[Excerpted records — start]

lemma AE_spike_gap_tendsto_0:
  assumes \<phi>: "is_test n p \<phi>" and k: "n \<le> k" "k < p"
  shows "AE \<omega> in noise_space n p. (\<lambda>m. max 0 (spike_gap n p \<sigma> \<phi> k a t (Suc m) \<omega>)) \<longlonglongrightarrow> 0"
proof -
  have "n \<le> p" using k by simp
  from AE_noise_column_in_span[OF this, of k] AE_space show ?thesis
  proof eventually_elim
    case (elim \<omega>)
    then obtain c where c: "\<forall>i<n. (\<Sum>j<n. snd \<omega> (i,j) * c j) = snd \<omega> (i,k)"
      by blast
    define overlap where "overlap m =
      (\<Prod>i<k. max 0 (real (Suc m) - \<bar>t * (if i < n then c i else 0)\<bar>)) / real (Suc m) ^ k" for m
    have upper: "max 0 (spike_gap n p \<sigma> \<phi> k a t (Suc m) \<omega>) \<le> max 0 (1 - overlap m)" for m
      unfolding overlap_def by (intro max.mono order.refl spike_gap_le[OF \<phi> k _ elim(2) c]) simp
    have "(\<lambda>m. max 0 (1 - overlap m)) \<longlonglongrightarrow> max 0 (1 - 1)"
      using cube_overlap_tendsto_1[where I="{..<k}" and d="\<lambda>i. t * (if i < n then c i else 0)"]
      unfolding overlap_def by (intro tendsto_intros) simp
    then have lim: "(\<lambda>m. max 0 (1 - overlap m)) \<longlonglongrightarrow> 0" by simp
    show ?case
    proof (rule tendsto_sandwich[OF always_eventually always_eventually tendsto_const lim])
      show "\<forall>m. 0 \<le> max 0 (spike_gap n p \<sigma> \<phi> k a t (Suc m) \<omega>)" by simp
      show "\<forall>m. max 0 (spike_gap n p \<sigma> \<phi> k a t (Suc m) \<omega>) \<le> max 0 (1 - overlap m)"
        using upper by blast
    qed
  qed
qed

lemma integral_spike_gap_less:
  assumes \<phi>: "is_test n p \<phi>" and k: "n \<le> k" "k < p" and "0 < \<epsilon>"
  shows "\<exists>W>0. (\<integral>\<omega>. spike_gap n p \<sigma> \<phi> k a t W \<omega> \<partial>noise_space n p) < \<epsilon>"
proof -
  let ?N = "noise_space n p"
  let ?gap = "\<lambda>m. spike_gap n p \<sigma> \<phi> k a t (Suc m)"
  interpret N: prob_space ?N by (rule prob_space_noise_space)
  have gap_int: "integrable ?N (?gap m)" for m
    using integrable_spike_gap[OF \<phi>] by simp
  have max_meas: "(\<lambda>\<omega>. max 0 (?gap m \<omega>)) \<in> borel_measurable ?N" for m
    by (intro borel_measurable_max borel_measurable_const borel_measurable_integrable gap_int)
  have "(\<lambda>m. \<integral>\<omega>. max 0 (?gap m \<omega>) \<partial>?N) \<longlonglongrightarrow> (\<integral>\<omega>. 0 \<partial>?N)"
    by (rule integral_dominated_convergence[where w="\<lambda>_. 1",
          OF borel_measurable_const max_meas N.integrable_const AE_spike_gap_tendsto_0[OF \<phi> k]])
      (simp add: spike_gap_le_1)
  then have "\<forall>\<^sub>F m in sequentially. (\<integral>\<omega>. max 0 (?gap m \<omega>) \<partial>?N) < \<epsilon>"
    using \<open>0 < \<epsilon>\<close> by (simp add: order_tendsto_iff)
  then obtain m where m: "(\<integral>\<omega>. max 0 (?gap m \<omega>) \<partial>?N) < \<epsilon>"
    by (auto simp: eventually_sequentially)
  have "(\<integral>\<omega>. ?gap m \<omega> \<partial>?N) \<le> (\<integral>\<omega>. max 0 (?gap m \<omega>) \<partial>?N)"
    using spike_gap_le_1
    by (intro integral_mono gap_int N.integrable_const_bound[where B=1, OF AE_I2 max_meas]) simp_all
  with m show ?thesis by (intro exI[of _ "real (Suc m)"]) simp
qed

[Excerpted records — finish]

The response has to contain every record shown above, unaltered and complete.

Response to this task
lemma AE_spike_gap_tendsto_0:
  assumes \<phi>: "is_test n p \<phi>" and k: "n \<le> k" "k < p"
  shows "AE \<omega> in noise_space n p. (\<lambda>m. max 0 (spike_gap n p \<sigma> \<phi> k a t (Suc m) \<omega>)) \<longlonglongrightarrow> 0"
proof -
  have "n \<le> p" using k by simp
  from AE_noise_column_in_span[OF this, of k] AE_space show ?thesis
  proof eventually_elim
    case (elim \<omega>)
    then obtain c where c: "\<forall>i<n. (\<Sum>j<n. snd \<omega> (i,j) * c j) = snd \<omega> (i,k)"
      by blast
    define overlap where "overlap m =
      (\<Prod>i<k. max 0 (real (Suc m) - \<bar>t * (if i < n then c i else 0)\<bar>)) / real (Suc m) ^ k" for m
    have upper: "max 0 (spike_gap n p \<sigma> \<phi> k a t (Suc m) \<omega>) \<le> max 0 (1 - overlap m)" for m
      unfolding overlap_def by (intro max.mono order.refl spike_gap_le[OF \<phi> k _ elim(2) c]) simp
    have "(\<lambda>m. max 0 (1 - overlap m)) \<longlonglongrightarrow> max 0 (1 - 1)"
      using cube_overlap_tendsto_1[where I="{..<k}" and d="\<lambda>i. t * (if i < n then c i else 0)"]
      unfolding overlap_def by (intro tendsto_intros) simp
    then have lim: "(\<lambda>m. max 0 (1 - overlap m)) \<longlonglongrightarrow> 0" by simp
    show ?case
    proof (rule tendsto_sandwich[OF always_eventually always_eventually tendsto_const lim])
      show "\<forall>m. 0 \<le> max 0 (spike_gap n p \<sigma> \<phi> k a t (Suc m) \<omega>)" by simp
      show "\<forall>m. max 0 (spike_gap n p \<sigma> \<phi> k a t (Suc m) \<omega>) \<le> max 0 (1 - overlap m)"
        using upper by blast
    qed
  qed
qed

lemma integral_spike_gap_less:
  assumes \<phi>: "is_test n p \<phi>" and k: "n \<le> k" "k < p" and "0 < \<epsilon>"
  shows "\<exists>W>0. (\<integral>\<omega>. spike_gap n p \<sigma> \<phi> k a t W \<omega> \<partial>noise_space n p) < \<epsilon>"
proof -
  let ?N = "noise_space n p"
  let ?gap = "\<lambda>m. spike_gap n p \<sigma> \<phi> k a t (Suc m)"
  interpret N: prob_space ?N by (rule prob_space_noise_space)
  have gap_int: "integrable ?N (?gap m)" for m
    using integrable_spike_gap[OF \<phi>] by simp
  have max_meas: "(\<lambda>\<omega>. max 0 (?gap m \<omega>)) \<in> borel_measurable ?N" for m
    by (intro borel_measurable_max borel_measurable_const borel_measurable_integrable gap_int)
  have "(\<lambda>m. \<integral>\<omega>. max 0 (?gap m \<omega>) \<partial>?N) \<longlonglongrightarrow> (\<integral>\<omega>. 0 \<partial>?N)"
    by (rule integral_dominated_convergence[where w="\<lambda>_. 1",
          OF borel_measurable_const max_meas N.integrable_const AE_spike_gap_tendsto_0[OF \<phi> k]])
      (simp add: spike_gap_le_1)
  then have "\<forall>\<^sub>F m in sequentially. (\<integral>\<omega>. max 0 (?gap m \<omega>) \<partial>?N) < \<epsilon>"
    using \<open>0 < \<epsilon>\<close> by (simp add: order_tendsto_iff)
  then obtain m where m: "(\<integral>\<omega>. max 0 (?gap m \<omega>) \<partial>?N) < \<epsilon>"
    by (auto simp: eventually_sequentially)
  have "(\<integral>\<omega>. ?gap m \<omega> \<partial>?N) \<le> (\<integral>\<omega>. max 0 (?gap m \<omega>) \<partial>?N)"
    using spike_gap_le_1
    by (intro integral_mono gap_int N.integrable_const_bound[where B=1, OF AE_I2 max_meas]) simp_all
  with m show ?thesis by (intro exI[of _ "real (Suc m)"]) simp
qed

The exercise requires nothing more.